▶ _Task goal_:
From the material below, copy every line in which the word "smult" occurs.

########

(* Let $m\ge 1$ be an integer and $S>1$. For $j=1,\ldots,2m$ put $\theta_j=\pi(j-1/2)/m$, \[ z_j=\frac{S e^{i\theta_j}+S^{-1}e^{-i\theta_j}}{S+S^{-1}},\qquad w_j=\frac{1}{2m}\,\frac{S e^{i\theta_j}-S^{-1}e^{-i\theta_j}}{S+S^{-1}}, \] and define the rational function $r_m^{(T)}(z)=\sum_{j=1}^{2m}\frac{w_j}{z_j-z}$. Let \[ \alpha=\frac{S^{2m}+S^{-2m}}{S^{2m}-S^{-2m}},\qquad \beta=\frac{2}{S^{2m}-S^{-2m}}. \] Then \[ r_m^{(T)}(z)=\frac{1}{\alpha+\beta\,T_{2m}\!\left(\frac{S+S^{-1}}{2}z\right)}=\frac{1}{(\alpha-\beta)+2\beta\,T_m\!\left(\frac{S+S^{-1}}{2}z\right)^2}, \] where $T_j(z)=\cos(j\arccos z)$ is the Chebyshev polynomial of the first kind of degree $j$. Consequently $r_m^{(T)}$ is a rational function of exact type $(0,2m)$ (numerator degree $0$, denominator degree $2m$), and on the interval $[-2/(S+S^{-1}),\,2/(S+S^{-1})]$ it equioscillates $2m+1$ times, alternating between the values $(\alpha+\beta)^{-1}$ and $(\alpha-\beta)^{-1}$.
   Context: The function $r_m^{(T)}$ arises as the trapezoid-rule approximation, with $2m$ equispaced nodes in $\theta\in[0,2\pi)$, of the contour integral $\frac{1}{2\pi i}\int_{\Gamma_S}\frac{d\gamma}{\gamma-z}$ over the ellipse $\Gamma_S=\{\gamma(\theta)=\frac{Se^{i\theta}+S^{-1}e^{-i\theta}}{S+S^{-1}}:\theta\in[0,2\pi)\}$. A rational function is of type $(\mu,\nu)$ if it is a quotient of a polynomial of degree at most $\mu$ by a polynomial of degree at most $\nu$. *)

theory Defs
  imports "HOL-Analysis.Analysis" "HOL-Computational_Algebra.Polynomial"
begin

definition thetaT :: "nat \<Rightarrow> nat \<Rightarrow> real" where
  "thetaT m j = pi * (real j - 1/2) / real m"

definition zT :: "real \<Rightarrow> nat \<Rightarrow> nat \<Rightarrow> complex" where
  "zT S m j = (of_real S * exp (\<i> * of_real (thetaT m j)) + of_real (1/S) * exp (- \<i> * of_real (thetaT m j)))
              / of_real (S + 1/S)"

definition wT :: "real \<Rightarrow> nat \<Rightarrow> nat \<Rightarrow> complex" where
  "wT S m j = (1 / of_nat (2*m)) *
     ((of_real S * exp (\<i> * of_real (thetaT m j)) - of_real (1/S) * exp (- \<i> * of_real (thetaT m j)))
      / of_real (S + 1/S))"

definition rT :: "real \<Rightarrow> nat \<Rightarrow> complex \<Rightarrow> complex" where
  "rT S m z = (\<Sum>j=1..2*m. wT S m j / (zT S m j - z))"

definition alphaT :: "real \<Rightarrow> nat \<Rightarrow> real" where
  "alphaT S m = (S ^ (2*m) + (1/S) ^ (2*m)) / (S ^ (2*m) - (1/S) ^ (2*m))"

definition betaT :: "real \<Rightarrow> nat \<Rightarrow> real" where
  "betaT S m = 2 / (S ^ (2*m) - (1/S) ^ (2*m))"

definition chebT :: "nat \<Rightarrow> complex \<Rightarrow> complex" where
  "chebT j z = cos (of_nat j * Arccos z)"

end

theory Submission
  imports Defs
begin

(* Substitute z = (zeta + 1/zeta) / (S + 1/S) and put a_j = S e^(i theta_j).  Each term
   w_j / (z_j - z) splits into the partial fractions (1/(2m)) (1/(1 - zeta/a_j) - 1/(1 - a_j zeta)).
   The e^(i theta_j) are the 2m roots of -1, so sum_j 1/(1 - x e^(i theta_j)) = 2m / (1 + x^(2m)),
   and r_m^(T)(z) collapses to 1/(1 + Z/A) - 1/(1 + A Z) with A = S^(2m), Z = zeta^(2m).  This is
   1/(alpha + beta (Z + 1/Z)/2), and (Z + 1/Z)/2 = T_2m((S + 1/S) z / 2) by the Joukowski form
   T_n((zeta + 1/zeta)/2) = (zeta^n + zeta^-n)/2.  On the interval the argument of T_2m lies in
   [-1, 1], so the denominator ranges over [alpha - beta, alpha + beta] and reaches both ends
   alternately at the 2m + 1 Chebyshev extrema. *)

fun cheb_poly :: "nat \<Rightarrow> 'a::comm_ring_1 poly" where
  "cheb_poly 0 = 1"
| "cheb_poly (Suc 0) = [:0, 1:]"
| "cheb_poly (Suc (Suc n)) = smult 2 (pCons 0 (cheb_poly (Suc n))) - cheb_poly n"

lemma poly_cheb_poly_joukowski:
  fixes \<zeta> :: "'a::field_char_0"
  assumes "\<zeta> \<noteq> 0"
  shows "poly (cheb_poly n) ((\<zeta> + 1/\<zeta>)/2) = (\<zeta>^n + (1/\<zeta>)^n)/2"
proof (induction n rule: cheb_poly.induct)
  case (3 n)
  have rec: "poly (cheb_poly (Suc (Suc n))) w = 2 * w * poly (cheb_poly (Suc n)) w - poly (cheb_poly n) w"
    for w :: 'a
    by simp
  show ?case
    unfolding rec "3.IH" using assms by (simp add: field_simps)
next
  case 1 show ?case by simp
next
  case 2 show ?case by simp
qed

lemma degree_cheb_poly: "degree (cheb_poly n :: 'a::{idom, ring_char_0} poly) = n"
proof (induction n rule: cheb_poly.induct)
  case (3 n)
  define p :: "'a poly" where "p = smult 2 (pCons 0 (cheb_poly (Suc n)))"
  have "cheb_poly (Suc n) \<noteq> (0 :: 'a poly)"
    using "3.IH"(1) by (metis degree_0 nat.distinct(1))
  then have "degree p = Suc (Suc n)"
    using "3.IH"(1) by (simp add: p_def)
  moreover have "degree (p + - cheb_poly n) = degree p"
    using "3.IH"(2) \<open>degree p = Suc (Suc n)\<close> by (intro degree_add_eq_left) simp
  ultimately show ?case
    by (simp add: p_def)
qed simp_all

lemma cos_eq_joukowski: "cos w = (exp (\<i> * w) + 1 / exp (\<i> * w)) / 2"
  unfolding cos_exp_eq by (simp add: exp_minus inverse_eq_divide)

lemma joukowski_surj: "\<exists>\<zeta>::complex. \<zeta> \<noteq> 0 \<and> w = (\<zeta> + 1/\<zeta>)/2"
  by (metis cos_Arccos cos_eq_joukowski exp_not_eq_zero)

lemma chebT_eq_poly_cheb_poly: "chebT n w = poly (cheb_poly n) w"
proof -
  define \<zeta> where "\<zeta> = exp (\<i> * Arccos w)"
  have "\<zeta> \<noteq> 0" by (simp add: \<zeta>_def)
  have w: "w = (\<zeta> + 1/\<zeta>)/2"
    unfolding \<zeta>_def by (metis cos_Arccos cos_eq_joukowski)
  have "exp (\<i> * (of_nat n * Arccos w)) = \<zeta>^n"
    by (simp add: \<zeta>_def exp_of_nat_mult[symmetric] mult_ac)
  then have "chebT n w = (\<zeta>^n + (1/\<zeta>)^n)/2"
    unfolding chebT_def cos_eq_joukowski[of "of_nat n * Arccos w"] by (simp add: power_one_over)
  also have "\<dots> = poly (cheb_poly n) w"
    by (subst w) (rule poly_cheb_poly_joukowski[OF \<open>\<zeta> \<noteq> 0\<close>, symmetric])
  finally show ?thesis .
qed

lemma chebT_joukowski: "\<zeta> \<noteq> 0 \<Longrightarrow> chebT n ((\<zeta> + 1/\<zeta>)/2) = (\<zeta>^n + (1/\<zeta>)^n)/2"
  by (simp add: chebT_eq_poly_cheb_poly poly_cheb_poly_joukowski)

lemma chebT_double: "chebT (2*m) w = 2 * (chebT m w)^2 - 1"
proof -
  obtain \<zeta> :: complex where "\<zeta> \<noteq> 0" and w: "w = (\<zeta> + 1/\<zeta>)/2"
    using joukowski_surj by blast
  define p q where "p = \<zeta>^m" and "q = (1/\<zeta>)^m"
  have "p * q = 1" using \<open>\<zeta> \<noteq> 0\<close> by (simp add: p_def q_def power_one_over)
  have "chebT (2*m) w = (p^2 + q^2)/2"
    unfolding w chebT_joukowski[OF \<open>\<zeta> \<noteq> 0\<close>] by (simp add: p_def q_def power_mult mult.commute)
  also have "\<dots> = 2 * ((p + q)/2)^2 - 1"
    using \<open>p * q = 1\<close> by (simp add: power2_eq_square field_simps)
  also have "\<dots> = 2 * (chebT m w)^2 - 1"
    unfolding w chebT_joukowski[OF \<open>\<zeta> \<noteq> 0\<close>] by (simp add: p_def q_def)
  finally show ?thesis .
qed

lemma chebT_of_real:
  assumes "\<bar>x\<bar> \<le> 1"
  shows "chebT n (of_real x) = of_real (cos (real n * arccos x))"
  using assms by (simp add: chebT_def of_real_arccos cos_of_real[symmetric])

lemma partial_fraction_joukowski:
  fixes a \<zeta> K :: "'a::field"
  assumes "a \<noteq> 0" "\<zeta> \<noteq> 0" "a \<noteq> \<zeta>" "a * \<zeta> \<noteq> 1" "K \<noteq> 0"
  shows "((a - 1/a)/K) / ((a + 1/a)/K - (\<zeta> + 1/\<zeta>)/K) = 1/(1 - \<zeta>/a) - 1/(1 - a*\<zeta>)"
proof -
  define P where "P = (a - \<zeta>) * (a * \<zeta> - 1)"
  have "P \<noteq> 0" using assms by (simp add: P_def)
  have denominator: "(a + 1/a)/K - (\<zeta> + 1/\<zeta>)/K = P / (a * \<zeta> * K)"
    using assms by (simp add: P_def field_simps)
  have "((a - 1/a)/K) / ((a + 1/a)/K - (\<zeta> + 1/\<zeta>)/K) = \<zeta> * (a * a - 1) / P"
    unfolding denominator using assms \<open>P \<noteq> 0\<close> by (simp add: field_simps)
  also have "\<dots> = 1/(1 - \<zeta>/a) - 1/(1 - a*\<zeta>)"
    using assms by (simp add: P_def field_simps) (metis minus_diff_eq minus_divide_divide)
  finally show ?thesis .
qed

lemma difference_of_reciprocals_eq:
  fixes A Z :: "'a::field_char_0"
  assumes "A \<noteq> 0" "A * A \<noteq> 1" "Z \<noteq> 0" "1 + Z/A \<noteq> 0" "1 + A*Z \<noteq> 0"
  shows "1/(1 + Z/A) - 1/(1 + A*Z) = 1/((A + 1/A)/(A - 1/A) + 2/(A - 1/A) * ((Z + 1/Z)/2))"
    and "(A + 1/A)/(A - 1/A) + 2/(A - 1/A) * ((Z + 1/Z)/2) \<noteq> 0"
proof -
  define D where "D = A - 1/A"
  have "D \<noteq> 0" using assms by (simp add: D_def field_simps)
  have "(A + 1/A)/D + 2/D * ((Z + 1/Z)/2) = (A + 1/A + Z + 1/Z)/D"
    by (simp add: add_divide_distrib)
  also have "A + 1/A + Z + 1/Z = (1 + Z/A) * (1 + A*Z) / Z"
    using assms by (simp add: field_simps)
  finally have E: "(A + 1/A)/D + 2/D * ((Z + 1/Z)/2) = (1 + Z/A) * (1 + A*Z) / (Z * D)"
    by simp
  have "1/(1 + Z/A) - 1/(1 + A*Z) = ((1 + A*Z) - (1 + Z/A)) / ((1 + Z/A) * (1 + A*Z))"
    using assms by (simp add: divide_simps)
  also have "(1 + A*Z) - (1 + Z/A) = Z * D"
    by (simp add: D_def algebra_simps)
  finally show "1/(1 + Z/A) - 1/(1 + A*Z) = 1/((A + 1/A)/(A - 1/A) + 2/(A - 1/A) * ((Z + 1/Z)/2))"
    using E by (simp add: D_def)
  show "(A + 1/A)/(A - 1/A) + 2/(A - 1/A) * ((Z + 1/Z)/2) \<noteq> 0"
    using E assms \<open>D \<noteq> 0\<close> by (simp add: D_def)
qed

########

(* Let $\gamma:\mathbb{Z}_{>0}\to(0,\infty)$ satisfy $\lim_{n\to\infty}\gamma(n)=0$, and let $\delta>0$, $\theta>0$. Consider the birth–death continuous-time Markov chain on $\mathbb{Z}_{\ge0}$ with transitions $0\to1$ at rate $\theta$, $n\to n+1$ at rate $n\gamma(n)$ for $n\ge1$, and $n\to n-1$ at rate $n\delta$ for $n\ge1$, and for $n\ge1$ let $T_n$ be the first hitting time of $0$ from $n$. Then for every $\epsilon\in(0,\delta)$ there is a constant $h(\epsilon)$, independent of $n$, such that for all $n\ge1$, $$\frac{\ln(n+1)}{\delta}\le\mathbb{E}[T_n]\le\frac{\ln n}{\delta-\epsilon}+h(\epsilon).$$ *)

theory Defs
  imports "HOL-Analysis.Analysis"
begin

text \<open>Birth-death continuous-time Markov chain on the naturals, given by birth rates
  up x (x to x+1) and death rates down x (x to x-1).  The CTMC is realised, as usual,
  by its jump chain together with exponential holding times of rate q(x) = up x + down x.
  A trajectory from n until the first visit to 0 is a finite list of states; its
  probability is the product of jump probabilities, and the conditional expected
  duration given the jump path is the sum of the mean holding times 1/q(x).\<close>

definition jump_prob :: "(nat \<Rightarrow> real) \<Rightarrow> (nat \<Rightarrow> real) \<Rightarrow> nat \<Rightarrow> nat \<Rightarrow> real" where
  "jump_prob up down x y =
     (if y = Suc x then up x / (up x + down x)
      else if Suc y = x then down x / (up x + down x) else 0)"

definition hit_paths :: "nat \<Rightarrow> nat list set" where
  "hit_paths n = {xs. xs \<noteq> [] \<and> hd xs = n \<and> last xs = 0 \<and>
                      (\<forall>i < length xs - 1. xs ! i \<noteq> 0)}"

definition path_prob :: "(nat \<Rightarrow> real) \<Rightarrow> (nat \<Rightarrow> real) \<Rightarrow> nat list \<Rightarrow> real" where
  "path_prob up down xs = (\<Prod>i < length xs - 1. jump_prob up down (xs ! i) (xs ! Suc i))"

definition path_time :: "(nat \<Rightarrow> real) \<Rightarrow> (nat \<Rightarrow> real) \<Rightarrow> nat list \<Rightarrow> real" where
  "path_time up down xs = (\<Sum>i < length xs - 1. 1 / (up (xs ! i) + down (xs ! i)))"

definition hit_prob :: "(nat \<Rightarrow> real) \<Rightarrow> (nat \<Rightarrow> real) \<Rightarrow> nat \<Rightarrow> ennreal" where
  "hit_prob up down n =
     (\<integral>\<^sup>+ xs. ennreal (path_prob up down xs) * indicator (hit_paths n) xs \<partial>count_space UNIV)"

########

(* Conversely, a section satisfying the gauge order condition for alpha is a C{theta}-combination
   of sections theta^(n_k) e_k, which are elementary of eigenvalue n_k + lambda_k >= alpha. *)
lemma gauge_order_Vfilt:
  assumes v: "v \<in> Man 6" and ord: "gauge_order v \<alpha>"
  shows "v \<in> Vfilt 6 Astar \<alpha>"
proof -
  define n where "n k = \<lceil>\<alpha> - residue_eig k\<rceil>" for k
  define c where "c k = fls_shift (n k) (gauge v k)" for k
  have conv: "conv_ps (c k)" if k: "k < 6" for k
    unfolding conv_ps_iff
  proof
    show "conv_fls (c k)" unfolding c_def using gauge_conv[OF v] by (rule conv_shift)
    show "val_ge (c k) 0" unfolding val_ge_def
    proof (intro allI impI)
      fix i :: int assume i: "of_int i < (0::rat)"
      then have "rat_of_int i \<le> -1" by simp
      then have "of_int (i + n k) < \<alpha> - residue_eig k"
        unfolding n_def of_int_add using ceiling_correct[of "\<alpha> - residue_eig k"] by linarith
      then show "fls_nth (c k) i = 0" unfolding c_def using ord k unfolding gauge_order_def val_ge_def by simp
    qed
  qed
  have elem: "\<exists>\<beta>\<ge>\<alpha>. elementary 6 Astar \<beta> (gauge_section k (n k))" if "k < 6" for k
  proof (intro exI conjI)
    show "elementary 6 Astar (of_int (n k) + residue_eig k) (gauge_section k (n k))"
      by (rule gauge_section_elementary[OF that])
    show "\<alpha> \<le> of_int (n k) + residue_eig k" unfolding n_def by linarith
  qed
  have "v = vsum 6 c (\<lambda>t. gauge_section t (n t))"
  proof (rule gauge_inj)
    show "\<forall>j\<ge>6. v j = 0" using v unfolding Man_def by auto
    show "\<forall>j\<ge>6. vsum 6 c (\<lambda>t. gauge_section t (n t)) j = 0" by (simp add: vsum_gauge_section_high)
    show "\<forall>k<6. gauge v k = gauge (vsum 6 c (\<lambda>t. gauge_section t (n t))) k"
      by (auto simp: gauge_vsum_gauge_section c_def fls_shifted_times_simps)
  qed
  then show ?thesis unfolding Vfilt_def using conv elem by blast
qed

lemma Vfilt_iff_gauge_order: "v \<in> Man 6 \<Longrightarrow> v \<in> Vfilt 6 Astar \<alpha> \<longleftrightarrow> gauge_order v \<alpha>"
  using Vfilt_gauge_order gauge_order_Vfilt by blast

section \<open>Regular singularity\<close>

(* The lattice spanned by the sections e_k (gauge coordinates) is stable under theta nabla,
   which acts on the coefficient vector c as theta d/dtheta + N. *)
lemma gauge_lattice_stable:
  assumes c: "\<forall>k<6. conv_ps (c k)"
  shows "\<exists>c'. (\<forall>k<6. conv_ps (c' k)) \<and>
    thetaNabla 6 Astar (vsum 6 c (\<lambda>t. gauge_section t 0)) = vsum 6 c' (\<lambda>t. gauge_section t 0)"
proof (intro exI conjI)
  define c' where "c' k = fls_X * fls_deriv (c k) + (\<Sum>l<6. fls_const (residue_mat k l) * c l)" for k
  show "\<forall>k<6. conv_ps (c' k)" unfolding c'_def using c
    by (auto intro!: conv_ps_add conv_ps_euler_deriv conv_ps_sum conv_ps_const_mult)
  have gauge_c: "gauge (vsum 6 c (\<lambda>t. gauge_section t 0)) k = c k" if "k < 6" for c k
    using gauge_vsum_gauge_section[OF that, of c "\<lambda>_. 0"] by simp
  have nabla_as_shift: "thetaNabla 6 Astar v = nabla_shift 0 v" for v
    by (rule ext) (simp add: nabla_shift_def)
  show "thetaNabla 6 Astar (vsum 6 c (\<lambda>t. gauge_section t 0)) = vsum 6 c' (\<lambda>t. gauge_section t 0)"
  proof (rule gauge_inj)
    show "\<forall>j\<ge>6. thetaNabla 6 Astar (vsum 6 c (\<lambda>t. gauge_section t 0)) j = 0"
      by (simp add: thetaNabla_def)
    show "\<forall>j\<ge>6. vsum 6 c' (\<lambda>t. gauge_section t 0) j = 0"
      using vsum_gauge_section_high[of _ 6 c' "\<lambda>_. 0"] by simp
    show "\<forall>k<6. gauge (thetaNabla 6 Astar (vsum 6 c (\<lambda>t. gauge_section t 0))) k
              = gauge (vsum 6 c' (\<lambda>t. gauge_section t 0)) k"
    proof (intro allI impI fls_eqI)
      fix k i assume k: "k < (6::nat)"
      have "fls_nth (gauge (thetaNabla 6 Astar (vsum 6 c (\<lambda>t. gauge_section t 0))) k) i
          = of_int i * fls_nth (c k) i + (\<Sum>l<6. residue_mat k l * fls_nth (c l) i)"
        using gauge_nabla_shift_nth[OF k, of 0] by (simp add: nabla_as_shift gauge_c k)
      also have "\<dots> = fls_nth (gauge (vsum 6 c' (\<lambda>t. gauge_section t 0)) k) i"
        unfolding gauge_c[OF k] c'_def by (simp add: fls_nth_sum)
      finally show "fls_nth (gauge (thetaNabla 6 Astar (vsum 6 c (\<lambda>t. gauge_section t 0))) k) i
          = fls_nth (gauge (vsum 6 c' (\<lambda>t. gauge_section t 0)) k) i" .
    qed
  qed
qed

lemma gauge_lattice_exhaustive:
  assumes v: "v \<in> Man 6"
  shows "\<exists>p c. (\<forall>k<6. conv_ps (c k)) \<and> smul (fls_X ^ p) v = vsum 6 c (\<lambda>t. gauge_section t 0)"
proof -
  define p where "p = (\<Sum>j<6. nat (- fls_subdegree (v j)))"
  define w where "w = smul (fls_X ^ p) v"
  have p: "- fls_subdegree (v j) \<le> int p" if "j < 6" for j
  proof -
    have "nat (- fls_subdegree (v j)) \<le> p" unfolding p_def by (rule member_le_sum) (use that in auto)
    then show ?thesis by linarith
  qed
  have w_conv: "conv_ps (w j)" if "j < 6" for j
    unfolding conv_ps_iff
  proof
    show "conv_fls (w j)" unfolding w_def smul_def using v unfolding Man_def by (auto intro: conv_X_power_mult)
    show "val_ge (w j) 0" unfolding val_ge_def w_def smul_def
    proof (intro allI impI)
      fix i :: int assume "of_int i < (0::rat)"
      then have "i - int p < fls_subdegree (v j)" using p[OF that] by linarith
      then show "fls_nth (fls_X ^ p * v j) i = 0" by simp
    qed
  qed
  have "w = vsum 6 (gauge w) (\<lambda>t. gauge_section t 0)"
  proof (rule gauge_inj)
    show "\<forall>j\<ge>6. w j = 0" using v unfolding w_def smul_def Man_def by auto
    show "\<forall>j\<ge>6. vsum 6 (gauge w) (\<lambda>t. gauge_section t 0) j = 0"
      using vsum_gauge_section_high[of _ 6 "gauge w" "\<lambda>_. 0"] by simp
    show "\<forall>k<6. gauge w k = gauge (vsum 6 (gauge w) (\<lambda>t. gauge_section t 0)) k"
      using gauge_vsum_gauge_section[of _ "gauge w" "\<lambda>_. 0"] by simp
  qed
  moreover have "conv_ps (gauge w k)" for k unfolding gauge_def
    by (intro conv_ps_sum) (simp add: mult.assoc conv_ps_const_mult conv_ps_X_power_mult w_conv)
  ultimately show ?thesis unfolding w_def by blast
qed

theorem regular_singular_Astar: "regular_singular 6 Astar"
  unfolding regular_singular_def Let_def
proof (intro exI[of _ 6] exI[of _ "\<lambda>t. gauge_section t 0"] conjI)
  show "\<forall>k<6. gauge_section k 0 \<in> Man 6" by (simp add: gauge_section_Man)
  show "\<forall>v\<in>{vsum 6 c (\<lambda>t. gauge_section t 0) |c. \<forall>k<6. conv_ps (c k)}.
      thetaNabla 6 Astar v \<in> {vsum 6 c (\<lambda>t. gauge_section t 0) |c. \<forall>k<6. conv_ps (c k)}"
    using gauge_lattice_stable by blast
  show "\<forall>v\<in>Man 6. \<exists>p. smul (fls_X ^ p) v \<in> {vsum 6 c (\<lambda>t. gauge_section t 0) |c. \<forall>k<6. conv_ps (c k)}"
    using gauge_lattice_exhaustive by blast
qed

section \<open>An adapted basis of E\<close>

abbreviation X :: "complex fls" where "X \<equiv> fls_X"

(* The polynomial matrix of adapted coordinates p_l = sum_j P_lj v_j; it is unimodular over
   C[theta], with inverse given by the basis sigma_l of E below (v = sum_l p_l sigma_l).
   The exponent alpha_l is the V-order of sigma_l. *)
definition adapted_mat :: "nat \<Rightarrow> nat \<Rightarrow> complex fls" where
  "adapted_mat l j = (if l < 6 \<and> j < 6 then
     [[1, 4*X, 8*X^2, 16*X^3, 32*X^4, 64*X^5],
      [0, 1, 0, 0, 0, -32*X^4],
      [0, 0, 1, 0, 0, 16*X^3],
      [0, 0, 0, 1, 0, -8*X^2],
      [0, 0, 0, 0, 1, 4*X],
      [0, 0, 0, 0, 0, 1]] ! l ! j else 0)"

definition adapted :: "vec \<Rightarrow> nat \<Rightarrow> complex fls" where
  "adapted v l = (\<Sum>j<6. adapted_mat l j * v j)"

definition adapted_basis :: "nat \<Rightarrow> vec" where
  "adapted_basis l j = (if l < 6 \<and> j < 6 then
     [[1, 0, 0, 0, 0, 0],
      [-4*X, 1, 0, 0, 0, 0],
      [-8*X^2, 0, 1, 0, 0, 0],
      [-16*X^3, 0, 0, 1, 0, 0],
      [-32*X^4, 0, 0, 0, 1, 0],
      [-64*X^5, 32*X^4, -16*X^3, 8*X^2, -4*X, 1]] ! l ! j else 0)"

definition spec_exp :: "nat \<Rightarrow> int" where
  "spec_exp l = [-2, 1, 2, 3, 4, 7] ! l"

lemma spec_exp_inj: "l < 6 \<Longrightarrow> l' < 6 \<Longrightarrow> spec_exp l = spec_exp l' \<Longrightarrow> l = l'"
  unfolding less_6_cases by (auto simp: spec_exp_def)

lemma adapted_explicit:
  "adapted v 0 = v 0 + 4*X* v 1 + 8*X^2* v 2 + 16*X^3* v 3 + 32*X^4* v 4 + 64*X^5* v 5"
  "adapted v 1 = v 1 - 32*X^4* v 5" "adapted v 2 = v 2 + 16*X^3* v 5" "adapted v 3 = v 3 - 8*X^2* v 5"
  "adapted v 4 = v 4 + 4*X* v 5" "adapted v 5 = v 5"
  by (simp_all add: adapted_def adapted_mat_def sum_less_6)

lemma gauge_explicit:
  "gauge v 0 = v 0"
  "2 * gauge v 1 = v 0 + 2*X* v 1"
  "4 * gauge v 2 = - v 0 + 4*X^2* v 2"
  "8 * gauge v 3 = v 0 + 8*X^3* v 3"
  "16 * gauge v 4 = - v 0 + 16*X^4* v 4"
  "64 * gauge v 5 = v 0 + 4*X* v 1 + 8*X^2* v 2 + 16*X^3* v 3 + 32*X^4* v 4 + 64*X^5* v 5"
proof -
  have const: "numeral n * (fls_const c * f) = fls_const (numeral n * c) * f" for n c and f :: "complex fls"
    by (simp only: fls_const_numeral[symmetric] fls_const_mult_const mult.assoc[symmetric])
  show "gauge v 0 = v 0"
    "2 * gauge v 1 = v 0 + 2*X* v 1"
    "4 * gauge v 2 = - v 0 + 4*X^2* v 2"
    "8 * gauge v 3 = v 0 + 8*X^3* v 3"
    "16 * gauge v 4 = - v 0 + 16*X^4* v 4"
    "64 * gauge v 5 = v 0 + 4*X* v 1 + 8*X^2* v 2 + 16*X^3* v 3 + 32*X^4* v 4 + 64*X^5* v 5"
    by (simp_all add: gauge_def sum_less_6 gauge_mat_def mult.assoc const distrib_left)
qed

########

▶ _Answer space_:
| "cheb_poly (Suc (Suc n)) = smult 2 (pCons 0 (cheb_poly (Suc n))) - cheb_poly n"
  define p :: "'a poly" where "p = smult 2 (pCons 0 (cheb_poly (Suc n)))"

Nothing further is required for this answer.